→ **WHAT YOU ARE ASKED TO DO**
Across the records that follow, give the number of lines containing the word "minimiser" and nothing else.

[Collected data entries]
(* Let $f\in C^1([0,1])$ satisfy $f(0)=f(1)=0$, $f(u)>0$ for $u\in(0,1)$, $f'(0)>0$, $f(u)\leqslant f'(0)u$ for $u\in(0,1)$. For $\alpha\in\mathbb R$ and $\sigma>0$ let \[ k(x)=\frac{1}{\sqrt{2\pi\sigma}}\exp\Big(-\frac{(x-\alpha)^2}{2\sigma}\Big),\qquad r=\frac{\alpha}{\sqrt{2\sigma}}, \] and let $c_l^*,c_r^*$ be as in the context. If $f'(0)\geqslant1$, then $c_l^*<0<c_r^*$. If $f'(0)<1$, there exists a constant $r^*>0$ (depending only on $f'(0)$) such that: (i) if $r>r^*$, then $0<c_l^*<c_r^*$; (ii) if $r=r^*$, then $0=c_l^*<c_r^*$; (iii) if $-r^*<r<r^*$, then $c_l^*<0<c_r^*$; (iv) if $r=-r^*$, then $c_l^*<c_r^*=0$; (v) if $r<-r^*$, then $c_l^*<c_r^*<0$.
   Context: $c_l^*=\sup_{\lambda<0}\{\lambda^{-1}[\int_{\mathbb R}k(x)e^{\lambda x}dx-1+f'(0)]\}$ and $c_r^*=\inf_{\lambda>0}\{\lambda^{-1}[\int_{\mathbb R}k(x)e^{\lambda x}dx-1+f'(0)]\}$ are the spreading speeds to the left and right of $u_t=\int_{\mathbb R}k(x-y)u(t,y)dy-u+f(u)$. *)

theory Defs
  imports "HOL-Analysis.Analysis"
begin

definition admissible_reaction :: "(real \<Rightarrow> real) \<Rightarrow> (real \<Rightarrow> real) \<Rightarrow> bool" where
  "admissible_reaction f f' \<longleftrightarrow>
     (\<forall>x\<in>{0..1}. (f has_real_derivative f' x) (at x within {0..1})) \<and>
     continuous_on {0..1} f' \<and>
     f 0 = 0 \<and> f 1 = 0 \<and>
     (\<forall>u\<in>{0<..<1}. f u > 0) \<and>
     f' 0 > 0 \<and>
     (\<forall>u\<in>{0<..<1}. f u \<le> f' 0 * u)"

definition gauss_kernel :: "real \<Rightarrow> real \<Rightarrow> real \<Rightarrow> real" where
  "gauss_kernel \<alpha> \<sigma> x = 1 / sqrt (2 * pi * \<sigma>) * exp (- ((x - \<alpha>)^2) / (2 * \<sigma>))"

definition speed_fun :: "(real \<Rightarrow> real) \<Rightarrow> real \<Rightarrow> real \<Rightarrow> real" where
  "speed_fun k a l = ((\<integral>x. k x * exp (l * x) \<partial>lborel) - 1 + a) / l"

definition spreading_speed_left :: "(real \<Rightarrow> real) \<Rightarrow> real \<Rightarrow> real" where
  "spreading_speed_left k a = (SUP l\<in>{..<0}. speed_fun k a l)"

definition spreading_speed_right :: "(real \<Rightarrow> real) \<Rightarrow> real \<Rightarrow> real" where
  "spreading_speed_right k a = (INF l\<in>{0<..}. speed_fun k a l)"

end

theory Submission
  imports Defs "HOL-Probability.Distributions"
begin

(* For the Gaussian kernel the integral in the definition of the speeds is the moment
   generating function exp (alpha l + sigma l^2 / 2), and the reflection x |-> -x turns
   c_l^* for alpha into -c_r^* for -alpha.  Since exp x >= 1 + x, AM-GM gives
   c_r^* >= alpha + sqrt (2 f'(0) sigma), whence c_l^* < c_r^*.  The sign of c_r^* is the
   sign of the numerator exp (alpha l + sigma l^2 / 2) - 1 + f'(0) at the minimiser
   l = -alpha/sigma of the exponent, i.e. of exp (-r^2) - (1 - f'(0)): if it is positive,
   the numerator is bounded away from 0 and c_r^* > 0; if it is zero or negative and
   alpha < 0 (so that the minimiser is admissible), c_r^* = 0 or c_r^* < 0.  Hence the
   threshold is r^* = sqrt (- ln (1 - f'(0))). *)

lemma gauss_kernel_mgf:
  assumes "\<sigma> > 0"
  shows "(\<integral>x. gauss_kernel \<alpha> \<sigma> x * exp (l * x) \<partial>lborel) = exp (\<alpha> * l + \<sigma> * l\<^sup>2 / 2)"
proof -
  have "gauss_kernel \<alpha> \<sigma> x * exp (l * x) =
          exp (\<alpha> * l + \<sigma> * l\<^sup>2 / 2) * normal_density (\<alpha> + \<sigma> * l) (sqrt \<sigma>) x" for x
  proof -
    have square: "l * x - (x - \<alpha>)\<^sup>2 / (2 * \<sigma>) =
                  \<alpha> * l + \<sigma> * l\<^sup>2 / 2 - (x - (\<alpha> + \<sigma> * l))\<^sup>2 / (2 * \<sigma>)"
      using assms by (simp add: field_simps power2_eq_square)
    show ?thesis
      unfolding gauss_kernel_def normal_density_def
      using assms by (simp add: exp_add[symmetric] exp_diff[symmetric] square)
  qed
  then show ?thesis
    using assms by simp
qed

lemma speed_fun_gauss:
  assumes "\<sigma> > 0"
  shows "speed_fun (gauss_kernel \<alpha> \<sigma>) a l = (exp (\<alpha> * l + \<sigma> * l\<^sup>2 / 2) - 1 + a) / l"
  unfolding speed_fun_def using gauss_kernel_mgf[OF assms] by simp

lemma speed_fun_reflect: "speed_fun k a (- l) = - speed_fun (\<lambda>x. k (- x)) a l"
proof -
  have "(\<integral>x. k x * exp (- l * x) \<partial>lborel) = (\<integral>x. k (- x) * exp (l * x) \<partial>lborel)"
    using lborel_integral_real_affine[of "-1" "\<lambda>x. k x * exp (- l * x)" 0] by simp
  then show ?thesis
    unfolding speed_fun_def by simp
qed

lemma spreading_speed_left_reflect:
  "spreading_speed_left k a = - spreading_speed_right (\<lambda>x. k (- x)) a"
proof -
  have "speed_fun k a ` {..<0} = speed_fun k a ` uminus ` {0<..}"
    by simp
  also have "\<dots> = uminus ` speed_fun (\<lambda>x. k (- x)) a ` {0<..}"
    by (simp only: image_image speed_fun_reflect)
  finally have "speed_fun k a ` {..<0} = uminus ` speed_fun (\<lambda>x. k (- x)) a ` {0<..}" .
  then show ?thesis
    unfolding spreading_speed_left_def spreading_speed_right_def by (simp add: Inf_real_def)
qed

lemma gauss_kernel_reflect: "(\<lambda>x. gauss_kernel \<alpha> \<sigma> (- x)) = gauss_kernel (- \<alpha>) \<sigma>"
  unfolding gauss_kernel_def by (simp add: power2_commute add.commute)

lemma spreading_speed_left_gauss:
  "spreading_speed_left (gauss_kernel \<alpha> \<sigma>) a = - spreading_speed_right (gauss_kernel (- \<alpha>) \<sigma>) a"
  using spreading_speed_left_reflect[of "gauss_kernel \<alpha> \<sigma>"] by (simp add: gauss_kernel_reflect)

→ **RESPONSE TO THE EXERCISE**
2